Испанка не взглянула на Селесту. Она следила за Дженнифер. Лицо ее было спокойно, взгляд неподвижных темных глаз не выражал никаких эмоций. Она сказала почти шепотом:
– Иди, Селеста.
Едва девушка успела скрыться в темном проеме дверей, как на башне начали звонить к службе. Обернувшись, Дженнифер встретилась с напряженным взглядом доньи Франциски.
– Пожалуй, я тоже пойду, – сказала она. – Au revoir, señora[11].
– Au revoir, mademoiselle[12]. Но вы придете завтра?
– О да, – ответила Дженнифер. – Приду завтра, непременно.
– C’est bien[13], – бесстрастным голосом сказала донья Франциска и бесшумно поплыла по траве вслед за Селестой.
Вскоре она исчезла в темных дверях церкви.
Дженнифер быстро вошла в сад, источающий пряные ароматы, через решетчатую калитку, которая с лязгом захлопнулась за ней. Арочный свод над калиткой, как некий оазис, хранил еще остатки тенистой прохлады средь раскаленного солнцем дня. Она задержалась там, прислонившись спиной к чугунной решетке. Ее трясло как в лихорадке: волна за волной накатывали тревожные предчувствия, пробивающие глухую стену горестного оцепенения, вызванного известием о смерти. То был сокрушительный удар, но появившаяся сейчас робкая фантастическая надежда почему-то вселяла еще больший ужас.
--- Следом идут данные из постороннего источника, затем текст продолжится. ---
(* Let $N\to\infty$, $p=p(N)$ with $p(1-p)N\to\infty$, and $S=S(N)$, $h=h(N)$ such that $N-S$ and $N+S$ are nonnegative integers, $2(2p(1-p)N)^{1/2}<h=o((p(1-p)N)^{2/3})$ and $hS=o(N(p(1-p)N)^{1/2})$. Let $X_1\sim B(N-S,p)$ and $X_2\sim B(N+S,1-p)$ be independent with means $\mu_1,\mu_2$. Then $$\mathbb{P}(X_1+X_2\ge\mu_1+\mu_2+h)>\frac{\sqrt{2p(1-p)N}}{2\pi h}\exp\!\left(-\frac{h^2}{4p(1-p)N}-4-o(1)\right),$$ where $o(1)\to0$ as $N\to\infty$.
   Context: $B(n,p)$ denotes a binomial random variable with parameters $n$ and $p$. *)

theory Defs
  imports "HOL-Probability.Probability" "HOL-Library.Landau_Symbols"
begin

definition binom_sum_tail :: "nat \<Rightarrow> nat \<Rightarrow> real \<Rightarrow> real \<Rightarrow> real" where
  "binom_sum_tail n1 n2 p t =
     measure_pmf.prob (pair_pmf (binomial_pmf n1 p) (binomial_pmf n2 (1 - p)))
       {(x1, x2). real x1 + real x2 \<ge> t}"

end

theory Submission
  imports Defs
begin

text \<open>
  Let \<open>\<sigma>\<^sup>2 = n p (1 - p)\<close>. By Chebyshev's inequality some point within \<open>2\<sigma>\<close> of the mean
  of \<open>B(n, p)\<close> carries mass at least \<open>(3/4)/(4\<sigma> + 1)\<close>. Within distance \<open>R\<close> of the mean the
  ratio of consecutive binomial probabilities is \<open>exp (-(k - n p + 1/2)/\<sigma>\<^sup>2)\<close> up to a factor
  \<open>exp (\<plusminus>(1/(2\<sigma>\<^sup>2) + 2(R + 1)\<^sup>2/\<sigma>\<^sup>4))\<close>, so walking away from that point gives the local
  Gaussian lower bound \<open>pmf k \<ge> (3/4)/(4\<sigma> + 1) \<cdot> exp (-(k - n p)\<^sup>2/(2\<sigma>\<^sup>2) - O(R\<^sup>3/\<sigma>\<^sup>4))\<close>;
  for \<open>R = 2h\<close> the hypothesis \<open>h = o(\<sigma>\<^sup>4\<^sup>/\<^sup>3)\<close> keeps the error term bounded.

  With \<open>V = \<sigma>\<^sub>1\<^sup>2 + \<sigma>\<^sub>2\<^sup>2\<close>, the event \<open>X\<^sub>1 + X\<^sub>2 \<ge> \<mu>\<^sub>1 + \<mu>\<^sub>2 + h\<close> contains a box of about
  \<open>\<sigma>\<^sub>1 \<cdot> V/h\<close> points next to the most likely split of the excess \<open>h\<close>, namely proportionally to
  the variances; on it the two Gaussian exponents add up to \<open>h\<^sup>2/(2V) + O(1)\<close>. Counting
  gives the bound with the constant \<open>4\<close> itself for all large \<open>N\<close>, so any positive null
  sequence serves as the \<open>o(1)\<close> term.
\<close>

definition binomial_expect :: "nat \<Rightarrow> real \<Rightarrow> (nat \<Rightarrow> real) \<Rightarrow> real" where
  "binomial_expect n p g = (\<Sum>k\<le>n. real (n choose k) * p ^ k * (1 - p) ^ (n - k) * g k)"

lemma binomial_expect_Suc:
  "binomial_expect (Suc n) p g = p * binomial_expect n p (\<lambda>k. g (Suc k)) + (1 - p) * binomial_expect n p g"
proof -
  let ?q = "1 - p"
  have "binomial_expect (Suc n) p g
      = ?q ^ Suc n * g 0 + (\<Sum>j\<le>n. real (Suc n choose Suc j) * p ^ Suc j * ?q ^ (n - j) * g (Suc j))"
    unfolding binomial_expect_def by (subst sum.atMost_Suc_shift) simp
  also have "\<dots> = (\<Sum>j\<le>n. real (n choose j) * p ^ Suc j * ?q ^ (n - j) * g (Suc j))
      + (?q ^ Suc n * g 0 + (\<Sum>j<n. real (n choose Suc j) * p ^ Suc j * ?q ^ (n - j) * g (Suc j)))"
    by (simp add: sum.distrib algebra_simps lessThan_Suc_atMost[symmetric])
  also have "(\<Sum>j\<le>n. real (n choose j) * p ^ Suc j * ?q ^ (n - j) * g (Suc j))
      = p * binomial_expect n p (\<lambda>k. g (Suc k))"
    unfolding binomial_expect_def by (simp add: sum_distrib_left algebra_simps)
  also have "?q ^ Suc n * g 0 + (\<Sum>j<n. real (n choose Suc j) * p ^ Suc j * ?q ^ (n - j) * g (Suc j))
      = ?q * binomial_expect n p g"
  proof -
    have "(\<Sum>j<n. real (n choose Suc j) * p ^ Suc j * ?q ^ (n - j) * g (Suc j))
        = ?q * (\<Sum>j<n. real (n choose Suc j) * p ^ Suc j * ?q ^ (n - Suc j) * g (Suc j))"
      unfolding sum_distrib_left by (rule sum.cong) (auto simp: Suc_diff_Suc[symmetric])
    moreover have "binomial_expect n p g
        = ?q ^ n * g 0 + (\<Sum>j<n. real (n choose Suc j) * p ^ Suc j * ?q ^ (n - Suc j) * g (Suc j))"
      unfolding binomial_expect_def lessThan_Suc_atMost[symmetric] sum.lessThan_Suc_shift by simp
    ultimately show ?thesis by (simp add: algebra_simps)
  qed
  finally show ?thesis .
qed

lemma binomial_expect_add:
  "binomial_expect n p (\<lambda>k. f k + g k) = binomial_expect n p f + binomial_expect n p g"
  unfolding binomial_expect_def by (simp add: sum.distrib algebra_simps)

lemma binomial_expect_cmult: "binomial_expect n p (\<lambda>k. c * f k) = c * binomial_expect n p f"
  unfolding binomial_expect_def by (simp add: sum_distrib_left algebra_simps)

lemma binomial_expect_const: "binomial_expect n p (\<lambda>k. c) = c"
proof -
  have "binomial_expect n p (\<lambda>k. c) = c * (\<Sum>k\<le>n. real (n choose k) * p ^ k * (1 - p) ^ (n - k))"
    unfolding binomial_expect_def by (simp add: sum_distrib_left algebra_simps)
  also have "(\<Sum>k\<le>n. real (n choose k) * p ^ k * (1 - p) ^ (n - k)) = (p + (1 - p)) ^ n"
    by (subst binomial_ring) (simp add: atLeast0AtMost)
  finally show ?thesis by simp
qed

lemma binomial_expect_mean: "binomial_expect n p (\<lambda>k. real k) = n * p"
proof (induction n)
  case (Suc n)
  have "binomial_expect (Suc n) p (\<lambda>k. real k)
      = p * binomial_expect n p (\<lambda>k. 1 + real k) + (1 - p) * binomial_expect n p (\<lambda>k. real k)"
    by (subst binomial_expect_Suc) simp
  then show ?case by (simp add: binomial_expect_add binomial_expect_const Suc algebra_simps)
qed (simp add: binomial_expect_def)

lemma binomial_expect_square: "binomial_expect n p (\<lambda>k. real k ^ 2) = n * p * (1 - p) + (n * p) ^ 2"
proof (induction n)
  case (Suc n)
  have "binomial_expect (Suc n) p (\<lambda>k. real k ^ 2)
      = p * binomial_expect n p (\<lambda>k. real k ^ 2 + (2 * real k + 1))
        + (1 - p) * binomial_expect n p (\<lambda>k. real k ^ 2)"
    by (subst binomial_expect_Suc) (simp add: power2_eq_square algebra_simps)
  also have "binomial_expect n p (\<lambda>k. real k ^ 2 + (2 * real k + 1))
      = n * p * (1 - p) + (n * p) ^ 2 + (2 * (n * p) + 1)"
    by (simp only: binomial_expect_add binomial_expect_cmult binomial_expect_const
        binomial_expect_mean Suc)
  also have "binomial_expect n p (\<lambda>k. real k ^ 2) = n * p * (1 - p) + (n * p) ^ 2"
    by (rule Suc)
  finally show ?case by (simp add: power2_eq_square algebra_simps)
qed (simp add: binomial_expect_def)

lemma binomial_expect_variance: "binomial_expect n p (\<lambda>k. (real k - n * p) ^ 2) = n * p * (1 - p)"
proof -
  have "binomial_expect n p (\<lambda>k. (real k - n * p) ^ 2)
      = binomial_expect n p (\<lambda>k. real k ^ 2 + ((- 2 * (n * p)) * real k + (n * p) ^ 2))"
    by (simp add: power2_eq_square algebra_simps)
  also have "\<dots> = n * p * (1 - p) + (n * p) ^ 2 + ((- 2 * (n * p)) * (n * p) + (n * p) ^ 2)"
    by (simp only: binomial_expect_add binomial_expect_cmult binomial_expect_const
        binomial_expect_mean binomial_expect_square)
  finally show ?thesis by (simp add: power2_eq_square algebra_simps)
qed

lemma sum_pmf_binomial_eq_binomial_expect:
  assumes "0 \<le> p" "p \<le> 1"
  shows "(\<Sum>k\<le>n. pmf (binomial_pmf n p) k * g k) = binomial_expect n p g"
  using assms unfolding binomial_expect_def by simp

lemma binomial_chebyshev:
  assumes "0 \<le> p" "p \<le> 1" "0 < c"
  shows "(\<Sum>k\<in>{k\<in>{..n}. c < \<bar>real k - n * p\<bar>}. pmf (binomial_pmf n p) k) \<le> n * p * (1 - p) / c\<^sup>2"
proof -
  let ?b = "pmf (binomial_pmf n p)"
  have "(\<Sum>k\<in>{k\<in>{..n}. c < \<bar>real k - n * p\<bar>}. ?b k)
      \<le> (\<Sum>k\<in>{k\<in>{..n}. c < \<bar>real k - n * p\<bar>}. ?b k * ((real k - n * p)\<^sup>2 / c\<^sup>2))"
  proof (rule sum_mono)
    fix k assume "k \<in> {k\<in>{..n}. c < \<bar>real k - n * p\<bar>}"
    then have "c\<^sup>2 \<le> \<bar>real k - n * p\<bar>\<^sup>2" using assms(3) by (intro power_mono) auto
    then have "1 \<le> (real k - n * p)\<^sup>2 / c\<^sup>2" using assms(3) by simp
    from mult_left_mono[OF this pmf_nonneg] show "?b k \<le> ?b k * ((real k - n * p)\<^sup>2 / c\<^sup>2)" by simp
  qed
  also have "\<dots> \<le> (\<Sum>k\<le>n. ?b k * ((real k - n * p)\<^sup>2 / c\<^sup>2))"
    by (intro sum_mono2) auto
  also have "\<dots> = (\<Sum>k\<le>n. ?b k * (real k - n * p)\<^sup>2) / c\<^sup>2"
    by (simp add: sum_divide_distrib)
  also have "\<dots> = n * p * (1 - p) / c\<^sup>2"
    using sum_pmf_binomial_eq_binomial_expect[OF assms(1,2)] binomial_expect_variance by simp
  finally show ?thesis .
qed

lemma card_nat_in_real_interval_le:
  fixes lo hi :: real
  assumes "lo \<le> hi"
  shows "real (card {k::nat. lo \<le> real k \<and> real k \<le> hi}) \<le> hi - lo + 1"
proof (cases "hi < 0")
  case False
  have "{k::nat. lo \<le> real k \<and> real k \<le> hi} \<subseteq> {nat \<lceil>lo\<rceil> .. nat \<lfloor>hi\<rfloor>}"
    by (auto simp: le_nat_iff nat_le_iff ceiling_le_iff le_floor_iff)
  then have "card {k::nat. lo \<le> real k \<and> real k \<le> hi} \<le> nat \<lfloor>hi\<rfloor> + 1 - nat \<lceil>lo\<rceil>"
    using card_mono[of "{nat \<lceil>lo\<rceil> .. nat \<lfloor>hi\<rfloor>}"] by simp
  moreover have "real (nat \<lfloor>hi\<rfloor> + 1 - nat \<lceil>lo\<rceil>) \<le> hi - lo + 1"
    using False assms by (cases "lo < 0") (simp_all add: of_nat_diff, linarith+)
  ultimately show ?thesis by (meson of_nat_le_iff order_trans)
qed (use assms in \<open>auto intro: ccontr\<close>)

lemma card_nat_in_real_interval_ge:
  fixes lo hi :: real
  assumes "0 \<le> lo" "lo \<le> hi"
  shows "hi - lo - 1 \<le> real (card {k::nat. lo \<le> real k \<and> real k \<le> hi})"
proof -
  have "{k::nat. lo \<le> real k \<and> real k \<le> hi} = {nat \<lceil>lo\<rceil> .. nat \<lfloor>hi\<rfloor>}"
    using assms by (auto simp: le_nat_iff nat_le_iff ceiling_le_iff le_floor_iff)
  then show ?thesis using assms by (simp add: of_nat_diff) linarith
qed

lemma finite_nat_in_real_interval: "finite {k::nat. lo \<le> real k \<and> real k \<le> hi}"
proof (rule finite_subset)
  show "{k::nat. lo \<le> real k \<and> real k \<le> hi} \<subseteq> {..nat \<lceil>hi\<rceil>}"
  proof
    fix k assume "k \<in> {k::nat. lo \<le> real k \<and> real k \<le> hi}"
    then have "real k \<le> real (nat \<lceil>hi\<rceil>)" using real_nat_ceiling_ge[of hi] by simp linarith
    then show "k \<in> {..nat \<lceil>hi\<rceil>}" by simp
  qed
qed simp

lemma binomial_pmf_heavy_near_mean:
  assumes p: "0 < p" "p < 1" and vr: "vr = n * p * (1 - p)" "0 < vr"
  shows "\<exists>m. \<bar>real m - n * p\<bar> \<le> 2 * sqrt vr \<and> (3/4) / (4 * sqrt vr + 1) \<le> pmf (binomial_pmf n p) m"
proof (rule ccontr)
  assume light: "\<not> ?thesis"
  let ?b = "pmf (binomial_pmf n p)"
  define T where "T = {k\<in>{..n}. \<bar>real k - n * p\<bar> \<le> 2 * sqrt vr}"
  have "(\<Sum>k\<in>{k\<in>{..n}. 2 * sqrt vr < \<bar>real k - n * p\<bar>}. ?b k) \<le> vr / (2 * sqrt vr)\<^sup>2"
    using binomial_chebyshev[of p "2 * sqrt vr" n] p vr by simp
  also have "\<dots> = 1/4" using vr(2) by (simp add: power_mult_distrib)
  finally have far: "(\<Sum>k\<in>{k\<in>{..n}. 2 * sqrt vr < \<bar>real k - n * p\<bar>}. ?b k) \<le> 1/4" .
  have "(\<Sum>k\<le>n. ?b k) = 1"
    using sum_pmf_binomial_eq_binomial_expect[of p n "\<lambda>_. 1"] p binomial_expect_const by simp
  moreover have "(\<Sum>k\<le>n. ?b k) = (\<Sum>k\<in>T. ?b k) + (\<Sum>k\<in>{k\<in>{..n}. 2 * sqrt vr < \<bar>real k - n * p\<bar>}. ?b k)"
    unfolding T_def by (subst sum.union_disjoint[symmetric]) (auto intro: sum.cong)
  ultimately have mass: "3/4 \<le> (\<Sum>k\<in>T. ?b k)" using far by linarith
  have "T \<subseteq> {k. n * p - 2 * sqrt vr \<le> real k \<and> real k \<le> n * p + 2 * sqrt vr}"
    unfolding T_def by auto
  then have "real (card T) \<le> real (card {k. n * p - 2 * sqrt vr \<le> real k \<and> real k \<le> n * p + 2 * sqrt vr})"
    using card_mono[OF finite_nat_in_real_interval] by simp
  also have "\<dots> \<le> 4 * sqrt vr + 1"
    using card_nat_in_real_interval_le[of "n * p - 2 * sqrt vr" "n * p + 2 * sqrt vr"] vr(2) by simp
  finally have card_T: "real (card T) \<le> 4 * sqrt vr + 1" .
  define c0 where "c0 = (3/4) / (4 * sqrt vr + 1)"
  have small: "?b k < c0" if "k \<in> T" for k
  proof -
    have "\<bar>real k - n * p\<bar> \<le> 2 * sqrt vr" using that by (simp add: T_def)
    then show ?thesis using light unfolding c0_def by (meson not_le)
  qed
  have "T \<noteq> {}" using mass by auto
  then have "(\<Sum>k\<in>T. ?b k) < (\<Sum>k\<in>T. c0)"
    by (intro sum_strict_mono small) (simp add: T_def)
  also have "\<dots> = real (card T) * c0" by simp
  also have "\<dots> \<le> (4 * sqrt vr + 1) * c0"
    using card_T by (rule mult_right_mono) (use vr(2) in \<open>simp add: c0_def\<close>)
  also have "\<dots> = 3/4"
  proof -
    have "4 * sqrt vr + 1 \<noteq> 0" using real_sqrt_gt_zero[OF vr(2)] by linarith
    then show ?thesis unfolding c0_def by (simp add: field_simps)
  qed
  finally show False using mass by linarith
qed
Дженни не могла совладать с собой; руки вцепились в железные прутья, а спина так сильно прижалась к решетке, что, казалось, приросла к ней. Сердце бешено колотилось, точно хотело выпрыгнуть, билось в горле, билось о ребра и сжалось наконец в каком-то болезненном оцепенении. Ее онемевшие руки словно прилипли к железным завиткам, колени слегка подгибались. Она закусила губы, стараясь унять дрожь, и постояла некоторое время неподвижно, закрыв глаза.
Постепенно эта буря чувств начала утихать. Дженнифер немного отстранилась от решетки. Сковывающее напряжение понемногу покидало ее тело, овеваемое ласковым благоухающим ветерком. Дженни открыла глаза, и тут же все краски и запахи сада, струящиеся в потоках тепла, нахлынули и унесли ее в свой целительный мир – мелисса и тимьян, резкий сладкий аромат сочных абрикосов, золотых среди глянцевитой листвы, по-домашнему уютный запах лаванды и шалфея, и сонные маки, покачивавшие своими алыми головками. Тихо стрекотали цикады, спрятавшиеся в тени персикового дерева. Дженнифер медленно выпрямилась, оторвалась от калитки, потерла затекшие руки и попыталась сосредоточиться.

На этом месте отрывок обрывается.